- Work order
Only the line containing "- f \<theta>" and those after it, up to the end of the records below, are to be set down, exactly as written.

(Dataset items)

lemma set_integral_nonpos:
  fixes f :: "_ \<Rightarrow> real"
  shows "(\<And>x. x \<in> A \<Longrightarrow> f x \<le> 0) \<Longrightarrow> (LINT x:A|M. f x) \<le> 0"
  using set_integral_nonneg[of A "\<lambda>x. - f x" M]
  by (simp add: set_lebesgue_integral_def)

lemma prob_density_set_integrable:
  assumes "prob_density f" "A \<in> sets borel"
  shows "set_integrable lborel A f"
  using assms unfolding prob_density_def set_integrable_def
  by (intro integrable_mult_indicator) auto

lemma set_integral_density_combination:
  assumes "prob_density f" "prob_density g" "A \<in> sets borel"
  shows "(LINT x:A|lborel. a * f x - b * g x)
           = a * (LINT x:A|lborel. f x) - b * (LINT x:A|lborel. g x)"
  using prob_density_set_integrable[OF assms(1,3)] prob_density_set_integrable[OF assms(2,3)]
  by (subst set_integral_diff) auto

lemma cdf_of_nonneg: "prob_density f \<Longrightarrow> 0 \<le> cdf_of f t"
  unfolding cdf_of_def prob_density_def by (auto intro: set_integral_nonneg)

lemma one_minus_cdf_of:
  assumes "prob_density f"
  shows "1 - cdf_of f t = (LINT x:{t<..}|lborel. f x)"
proof -
  have "(LINT x:UNIV|lborel. f x) = 1"
    using assms unfolding prob_density_def set_lebesgue_integral_def by simp
  moreover have "UNIV = {..t} \<union> {t<..}" by auto
  ultimately have "(LINT x:{..t} \<union> {t<..}|lborel. f x) = 1" by simp
  then show ?thesis
    unfolding cdf_of_def
    by (subst (asm) set_integral_Un) (auto intro: prob_density_set_integrable[OF assms])
qed

lemma cdf_of_le_1:
  assumes "prob_density f"
  shows "cdf_of f t \<le> 1"
proof -
  have "0 \<le> (LINT x:{t<..}|lborel. f x)"
    using assms unfolding prob_density_def by (auto intro: set_integral_nonneg)
  then show ?thesis using one_minus_cdf_of[OF assms, of t] by simp
qed

lemma cdf_of_add_increment:
  assumes "prob_density f" "s \<le> t"
  shows "cdf_of f t = cdf_of f s + (LINT x:{s<..t}|lborel. f x)"
proof -
  have "{..t} = {..s} \<union> {s<..t}" using assms(2) by auto
  then show ?thesis
    unfolding cdf_of_def
    by (simp only:) (rule set_integral_Un; auto intro: prob_density_set_integrable[OF assms(1)])
qed

lemma cdf_of_mono:
  assumes "prob_density f" "s \<le> t"
  shows "cdf_of f s \<le> cdf_of f t"
  using assms unfolding cdf_of_add_increment[OF assms] prob_density_def
  by (auto intro: set_integral_nonneg)

lemma cdf_of_combination_increment:
  assumes "prob_density f" "prob_density g" "s \<le> t"
  shows "(a * cdf_of f t - b * cdf_of g t) - (a * cdf_of f s - b * cdf_of g s)
           = (LINT x:{s<..t}|lborel. a * f x - b * g x)"
  by (simp add: set_integral_density_combination[OF assms(1,2)] algebra_simps
      cdf_of_add_increment[OF assms(1,3)] cdf_of_add_increment[OF assms(2,3)])

lemma density_combination_sign:
  fixes f g :: "real \<Rightarrow> real"
  assumes g_pos: "\<forall>x. 0 < g x" and ratio: "mono (\<lambda>x. f x / g x)" and "0 \<le> a"
    and root: "a * f \<theta> = b * g \<theta>"
  shows "\<theta> \<le> x \<Longrightarrow> 0 \<le> a * f x - b * g x"
    and "x \<le> \<theta> \<Longrightarrow> a * f x - b * g x \<le> 0"
proof -
  have "g \<theta> > 0" and gx: "g x > 0" using g_pos by auto
  then have eq: "a * f x - b * g x = g x * a * (f x / g x - f \<theta> / g \<theta>)"
    using root by (simp add: field_simps)
  show "\<theta> \<le> x \<Longrightarrow> 0 \<le> a * f x - b * g x"
    using monoD[OF ratio, of \<theta> x] gx \<open>0 \<le> a\<close> unfolding eq by simp
  show "x \<le> \<theta> \<Longrightarrow> a * f x - b * g x \<le> 0"
    using monoD[OF ratio, of x \<theta>] gx \<open>0 \<le> a\<close> unfolding eq
    by (simp add: mult_nonneg_nonpos)
qed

- Your response
  then have eq: "a * f x - b * g x = g x * a * (f x / g x - f \<theta> / g \<theta>)"
    using root by (simp add: field_simps)
  show "\<theta> \<le> x \<Longrightarrow> 0 \<le> a * f x - b * g x"
    using monoD[OF ratio, of \<theta> x] gx \<open>0 \<le> a\<close> unfolding eq by simp
  show "x \<le> \<theta> \<Longrightarrow> a * f x - b * g x \<le> 0"
    using monoD[OF ratio, of x \<theta>] gx \<open>0 \<le> a\<close> unfolding eq
    by (simp add: mult_nonneg_nonpos)
qed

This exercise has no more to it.